[Opening Data section]

section \<open>Uniqueness of positive semidefinite square roots\<close>

text \<open>If S, T are psd with S^2 = T^2 and (S - T) v = l v with l nonzero, then v = 0:
  S (S - T) v + (S - T) T v = S^2 v - T^2 v = 0; pairing with v gives
  l (<v, S v> + <v, T v>) = 0, so both forms vanish at v, whence S v = T v = 0.\<close>
lemma psd_square_eq_eigenvector:
  fixes S T :: "complex^'n^'n"
  assumes S: "psd S" and T: "psd T" and eq: "S ** S = T ** T"
    and eigen: "(S - T) *v v = of_real l *s v" and l: "l \<noteq> 0"
  shows "v = 0"
proof -
  have hS: "cadj S = S" and nS: "\<And>x. 0 \<le> Re (cinner x (S *v x))" using S unfolding psd_cinner by auto
  have hT: "cadj T = T" and nT: "\<And>x. 0 \<le> Re (cinner x (T *v x))" using T unfolding psd_cinner by auto
  have hX: "cadj (S - T) = S - T" unfolding cadj_diff hS hT ..
  have "S *v ((S - T) *v v) + (S - T) *v (T *v v) = (S ** S) *v v - (T ** T) *v v"
    unfolding diff_mv mv_diff by (simp add: matrix_vector_mul_assoc)
  hence "S *v ((S - T) *v v) + (S - T) *v (T *v v) = 0" using eq by simp
  hence "cinner v (S *v ((S - T) *v v)) + cinner v ((S - T) *v (T *v v)) = 0"
    by (metis cinner_add_right cinner_zero_right)
  moreover have "cinner v (S *v ((S - T) *v v)) = of_real l * cinner v (S *v v)"
    unfolding eigen mv_scale cinner_scale_right ..
  moreover have "cinner v ((S - T) *v (T *v v)) = of_real l * cinner v (T *v v)"
    unfolding cinner_adj[of v "S - T"] hX eigen cinner_scale_left by simp
  ultimately have "of_real l * (cinner v (S *v v) + cinner v (T *v v)) = 0"
    by (simp add: distrib_left)
  hence "cinner v (S *v v) + cinner v (T *v v) = 0" using l by simp
  hence "Re (cinner v (S *v v)) + Re (cinner v (T *v v)) = 0"
    by (metis plus_complex.sel(1) zero_complex.sel(1))
  hence "Re (cinner v (S *v v)) \<le> 0" "Re (cinner v (T *v v)) \<le> 0"
    using nS[of v] nT[of v] by linarith+
  hence "S *v v = 0" "T *v v = 0"
    using hermitian_form_vanishing[OF hS nS] hermitian_form_vanishing[OF hT nT] by blast+
  hence "of_real l *s v = 0" using eigen by (simp add: diff_mv)
  thus ?thesis using l by (simp add: vec_eq_iff)
qed

text \<open>Two psd square roots of the same matrix coincide: every eigenvalue of S - T is zero.\<close>
lemma psd_sqrt_unique:
  fixes S T :: "complex^'n^'n"
  assumes S: "psd S" and T: "psd T" and eq: "S ** S = T ** T"
  shows "S = T"
proof -
  have "cadj (S - T) = S - T" using S T unfolding psd_cinner cadj_diff by simp
  then obtain B where B: "orthonormal_eigensystem (S - T) B"
    and eigen: "\<And>u. u \<in> B \<Longrightarrow> (S - T) *v u = of_real (Re (cinner u ((S - T) *v u))) *s u"
    and decomp: "S - T = spectral_mat B (\<lambda>u. Re (cinner u ((S - T) *v u)))"
    by (rule spectral_decomposition) blast
  have "Re (cinner u ((S - T) *v u)) = 0" if u: "u \<in> B" for u
  proof (rule ccontr)
    assume "Re (cinner u ((S - T) *v u)) \<noteq> 0"
    hence "u = 0" by (rule psd_square_eq_eigenvector[OF S T eq eigen[OF u]])
    thus False using B u unfolding orthonormal_eigensystem_def by auto
  qed
  hence "spectral_mat B (\<lambda>u. Re (cinner u ((S - T) *v u))) = spectral_mat B (\<lambda>u. 0)"
    by (rule spectral_mat_cong)
  with decomp have "S - T = spectral_mat B (\<lambda>u. 0)" by (rule trans)
  also have "\<dots> = 0" by (simp add: spectral_mat_def vec_eq_iff)
  finally show ?thesis by simp
qed

lemma mat_sqrt_eqI:
  assumes "psd S" "S ** S = P"
  shows "mat_sqrt P = S"
  unfolding mat_sqrt_def
proof (rule the_equality)
  fix T assume "psd T \<and> T ** T = P"
  thus "T = S" using psd_sqrt_unique[of T S] assms by simp
qed (use assms in simp)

[Closing Data section]

### Exercise goal
A verbatim copy of every record is what you should return.

### The answer
section \<open>Uniqueness of positive semidefinite square roots\<close>

text \<open>If S, T are psd with S^2 = T^2 and (S - T) v = l v with l nonzero, then v = 0:
  S (S - T) v + (S - T) T v = S^2 v - T^2 v = 0; pairing with v gives
  l (<v, S v> + <v, T v>) = 0, so both forms vanish at v, whence S v = T v = 0.\<close>
lemma psd_square_eq_eigenvector:
  fixes S T :: "complex^'n^'n"
  assumes S: "psd S" and T: "psd T" and eq: "S ** S = T ** T"
    and eigen: "(S - T) *v v = of_real l *s v" and l: "l \<noteq> 0"
  shows "v = 0"
proof -
  have hS: "cadj S = S" and nS: "\<And>x. 0 \<le> Re (cinner x (S *v x))" using S unfolding psd_cinner by auto
  have hT: "cadj T = T" and nT: "\<And>x. 0 \<le> Re (cinner x (T *v x))" using T unfolding psd_cinner by auto
  have hX: "cadj (S - T) = S - T" unfolding cadj_diff hS hT ..
  have "S *v ((S - T) *v v) + (S - T) *v (T *v v) = (S ** S) *v v - (T ** T) *v v"
    unfolding diff_mv mv_diff by (simp add: matrix_vector_mul_assoc)
  hence "S *v ((S - T) *v v) + (S - T) *v (T *v v) = 0" using eq by simp
  hence "cinner v (S *v ((S - T) *v v)) + cinner v ((S - T) *v (T *v v)) = 0"
    by (metis cinner_add_right cinner_zero_right)
  moreover have "cinner v (S *v ((S - T) *v v)) = of_real l * cinner v (S *v v)"
    unfolding eigen mv_scale cinner_scale_right ..
  moreover have "cinner v ((S - T) *v (T *v v)) = of_real l * cinner v (T *v v)"
    unfolding cinner_adj[of v "S - T"] hX eigen cinner_scale_left by simp
  ultimately have "of_real l * (cinner v (S *v v) + cinner v (T *v v)) = 0"
    by (simp add: distrib_left)
  hence "cinner v (S *v v) + cinner v (T *v v) = 0" using l by simp
  hence "Re (cinner v (S *v v)) + Re (cinner v (T *v v)) = 0"
    by (metis plus_complex.sel(1) zero_complex.sel(1))
  hence "Re (cinner v (S *v v)) \<le> 0" "Re (cinner v (T *v v)) \<le> 0"
    using nS[of v] nT[of v] by linarith+
  hence "S *v v = 0" "T *v v = 0"
    using hermitian_form_vanishing[OF hS nS] hermitian_form_vanishing[OF hT nT] by blast+
  hence "of_real l *s v = 0" using eigen by (simp add: diff_mv)
  thus ?thesis using l by (simp add: vec_eq_iff)
qed

text \<open>Two psd square roots of the same matrix coincide: every eigenvalue of S - T is zero.\<close>
lemma psd_sqrt_unique:
  fixes S T :: "complex^'n^'n"
  assumes S: "psd S" and T: "psd T" and eq: "S ** S = T ** T"
  shows "S = T"
proof -
  have "cadj (S - T) = S - T" using S T unfolding psd_cinner cadj_diff by simp
  then obtain B where B: "orthonormal_eigensystem (S - T) B"
    and eigen: "\<And>u. u \<in> B \<Longrightarrow> (S - T) *v u = of_real (Re (cinner u ((S - T) *v u))) *s u"
    and decomp: "S - T = spectral_mat B (\<lambda>u. Re (cinner u ((S - T) *v u)))"
    by (rule spectral_decomposition) blast
  have "Re (cinner u ((S - T) *v u)) = 0" if u: "u \<in> B" for u
  proof (rule ccontr)
    assume "Re (cinner u ((S - T) *v u)) \<noteq> 0"
    hence "u = 0" by (rule psd_square_eq_eigenvector[OF S T eq eigen[OF u]])
    thus False using B u unfolding orthonormal_eigensystem_def by auto
  qed
  hence "spectral_mat B (\<lambda>u. Re (cinner u ((S - T) *v u))) = spectral_mat B (\<lambda>u. 0)"
    by (rule spectral_mat_cong)
  with decomp have "S - T = spectral_mat B (\<lambda>u. 0)" by (rule trans)
  also have "\<dots> = 0" by (simp add: spectral_mat_def vec_eq_iff)
  finally show ?thesis by simp
qed

lemma mat_sqrt_eqI:
  assumes "psd S" "S ** S = P"
  shows "mat_sqrt P = S"
  unfolding mat_sqrt_def
proof (rule the_equality)
  fix T assume "psd T \<and> T ** T = P"
  thus "T = S" using psd_sqrt_unique[of T S] assms by simp
qed (use assms in simp)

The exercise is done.